**What to work on**
Give, as a bare number, the count of lines below that contain "assms".

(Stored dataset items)
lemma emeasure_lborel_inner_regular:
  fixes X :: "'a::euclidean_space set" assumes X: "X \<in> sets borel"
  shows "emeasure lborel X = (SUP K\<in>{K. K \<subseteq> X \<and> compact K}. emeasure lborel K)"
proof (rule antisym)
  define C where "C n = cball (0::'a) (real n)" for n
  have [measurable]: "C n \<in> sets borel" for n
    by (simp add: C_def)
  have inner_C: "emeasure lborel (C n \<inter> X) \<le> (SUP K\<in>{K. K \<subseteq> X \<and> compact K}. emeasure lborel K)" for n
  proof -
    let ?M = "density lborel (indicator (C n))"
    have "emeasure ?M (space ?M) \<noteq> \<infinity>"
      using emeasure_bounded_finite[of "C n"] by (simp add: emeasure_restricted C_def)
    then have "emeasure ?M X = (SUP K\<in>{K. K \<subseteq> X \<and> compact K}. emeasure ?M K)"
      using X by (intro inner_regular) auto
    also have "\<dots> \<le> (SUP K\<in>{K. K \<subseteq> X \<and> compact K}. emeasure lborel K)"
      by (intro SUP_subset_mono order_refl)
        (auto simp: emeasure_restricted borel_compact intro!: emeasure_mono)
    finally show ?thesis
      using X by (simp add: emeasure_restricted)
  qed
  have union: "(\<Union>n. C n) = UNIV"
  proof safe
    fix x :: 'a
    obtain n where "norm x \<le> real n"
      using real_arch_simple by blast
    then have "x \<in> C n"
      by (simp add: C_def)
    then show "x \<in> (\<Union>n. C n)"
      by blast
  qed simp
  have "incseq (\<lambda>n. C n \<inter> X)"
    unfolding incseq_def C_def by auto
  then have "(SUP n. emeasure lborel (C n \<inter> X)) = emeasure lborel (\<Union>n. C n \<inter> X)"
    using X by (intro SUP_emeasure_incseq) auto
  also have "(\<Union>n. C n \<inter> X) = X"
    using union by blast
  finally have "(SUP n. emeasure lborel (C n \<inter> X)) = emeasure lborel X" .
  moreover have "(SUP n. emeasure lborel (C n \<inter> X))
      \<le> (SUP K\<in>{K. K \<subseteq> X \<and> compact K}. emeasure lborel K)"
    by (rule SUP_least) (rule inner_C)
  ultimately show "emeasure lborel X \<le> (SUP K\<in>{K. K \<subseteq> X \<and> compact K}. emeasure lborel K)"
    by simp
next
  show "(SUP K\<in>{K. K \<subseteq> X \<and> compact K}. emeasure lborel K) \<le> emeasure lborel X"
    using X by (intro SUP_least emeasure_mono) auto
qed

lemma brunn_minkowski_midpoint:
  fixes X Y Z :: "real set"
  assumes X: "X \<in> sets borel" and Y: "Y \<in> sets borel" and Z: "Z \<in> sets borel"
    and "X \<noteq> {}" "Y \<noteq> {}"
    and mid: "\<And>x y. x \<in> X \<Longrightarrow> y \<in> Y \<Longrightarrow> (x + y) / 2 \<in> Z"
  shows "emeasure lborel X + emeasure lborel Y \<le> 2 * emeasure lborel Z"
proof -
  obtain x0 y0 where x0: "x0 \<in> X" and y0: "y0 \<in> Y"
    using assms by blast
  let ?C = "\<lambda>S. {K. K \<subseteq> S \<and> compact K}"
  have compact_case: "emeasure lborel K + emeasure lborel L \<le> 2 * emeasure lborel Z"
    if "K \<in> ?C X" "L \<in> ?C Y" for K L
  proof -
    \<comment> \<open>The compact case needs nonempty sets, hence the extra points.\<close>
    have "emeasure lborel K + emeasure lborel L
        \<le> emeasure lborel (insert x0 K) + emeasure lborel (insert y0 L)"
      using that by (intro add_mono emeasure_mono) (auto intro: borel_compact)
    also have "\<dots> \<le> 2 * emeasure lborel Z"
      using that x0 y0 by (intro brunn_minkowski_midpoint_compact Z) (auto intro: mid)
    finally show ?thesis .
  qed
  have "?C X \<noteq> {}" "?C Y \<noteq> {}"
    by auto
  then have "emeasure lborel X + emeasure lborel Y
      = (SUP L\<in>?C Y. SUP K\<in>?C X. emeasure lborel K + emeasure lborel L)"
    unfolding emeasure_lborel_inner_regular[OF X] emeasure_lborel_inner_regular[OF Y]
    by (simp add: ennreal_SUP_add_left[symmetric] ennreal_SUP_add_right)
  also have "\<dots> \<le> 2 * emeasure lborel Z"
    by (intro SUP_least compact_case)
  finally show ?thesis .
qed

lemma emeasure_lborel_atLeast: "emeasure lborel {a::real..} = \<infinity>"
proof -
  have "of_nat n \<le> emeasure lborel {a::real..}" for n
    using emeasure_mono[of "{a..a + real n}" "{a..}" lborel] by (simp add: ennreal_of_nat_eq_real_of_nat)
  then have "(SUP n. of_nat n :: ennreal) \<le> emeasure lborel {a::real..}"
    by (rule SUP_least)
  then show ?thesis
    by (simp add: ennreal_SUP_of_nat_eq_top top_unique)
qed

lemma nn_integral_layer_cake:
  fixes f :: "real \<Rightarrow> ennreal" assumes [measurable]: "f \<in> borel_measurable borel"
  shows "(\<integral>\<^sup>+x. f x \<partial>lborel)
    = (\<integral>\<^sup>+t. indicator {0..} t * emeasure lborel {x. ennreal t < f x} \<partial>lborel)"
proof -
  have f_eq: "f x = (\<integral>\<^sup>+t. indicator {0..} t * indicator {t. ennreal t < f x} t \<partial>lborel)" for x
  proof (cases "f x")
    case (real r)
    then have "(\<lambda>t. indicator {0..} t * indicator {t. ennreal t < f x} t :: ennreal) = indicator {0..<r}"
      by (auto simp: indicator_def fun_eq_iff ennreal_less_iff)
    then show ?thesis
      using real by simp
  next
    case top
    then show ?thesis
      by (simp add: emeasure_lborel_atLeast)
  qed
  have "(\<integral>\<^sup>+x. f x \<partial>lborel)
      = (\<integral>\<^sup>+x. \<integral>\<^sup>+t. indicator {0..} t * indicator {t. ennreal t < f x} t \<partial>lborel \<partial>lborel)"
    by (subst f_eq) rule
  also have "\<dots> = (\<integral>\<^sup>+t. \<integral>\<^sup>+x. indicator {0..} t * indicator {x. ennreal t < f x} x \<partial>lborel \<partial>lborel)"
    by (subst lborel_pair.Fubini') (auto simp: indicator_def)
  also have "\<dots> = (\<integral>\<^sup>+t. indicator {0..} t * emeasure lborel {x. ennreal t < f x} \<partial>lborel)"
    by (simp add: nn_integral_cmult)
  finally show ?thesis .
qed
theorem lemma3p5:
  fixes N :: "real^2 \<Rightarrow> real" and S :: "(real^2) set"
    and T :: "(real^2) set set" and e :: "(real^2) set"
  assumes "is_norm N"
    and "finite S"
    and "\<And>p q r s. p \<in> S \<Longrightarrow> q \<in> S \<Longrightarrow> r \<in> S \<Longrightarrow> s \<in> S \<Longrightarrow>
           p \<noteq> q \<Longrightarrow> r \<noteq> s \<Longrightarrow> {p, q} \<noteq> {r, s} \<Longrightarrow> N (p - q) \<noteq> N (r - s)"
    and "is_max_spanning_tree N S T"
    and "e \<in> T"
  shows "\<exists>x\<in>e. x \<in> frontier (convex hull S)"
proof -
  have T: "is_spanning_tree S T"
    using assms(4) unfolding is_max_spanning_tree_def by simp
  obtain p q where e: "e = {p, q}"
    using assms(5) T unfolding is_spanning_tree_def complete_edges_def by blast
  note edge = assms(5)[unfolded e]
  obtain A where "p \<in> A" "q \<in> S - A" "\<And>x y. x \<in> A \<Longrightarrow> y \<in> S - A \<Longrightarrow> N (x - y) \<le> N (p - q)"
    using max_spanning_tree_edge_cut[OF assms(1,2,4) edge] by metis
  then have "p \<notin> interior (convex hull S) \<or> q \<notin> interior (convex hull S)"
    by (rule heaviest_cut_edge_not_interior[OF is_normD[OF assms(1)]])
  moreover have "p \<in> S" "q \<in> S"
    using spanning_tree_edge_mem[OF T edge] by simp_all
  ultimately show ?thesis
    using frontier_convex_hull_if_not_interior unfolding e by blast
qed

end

**Written solution**
6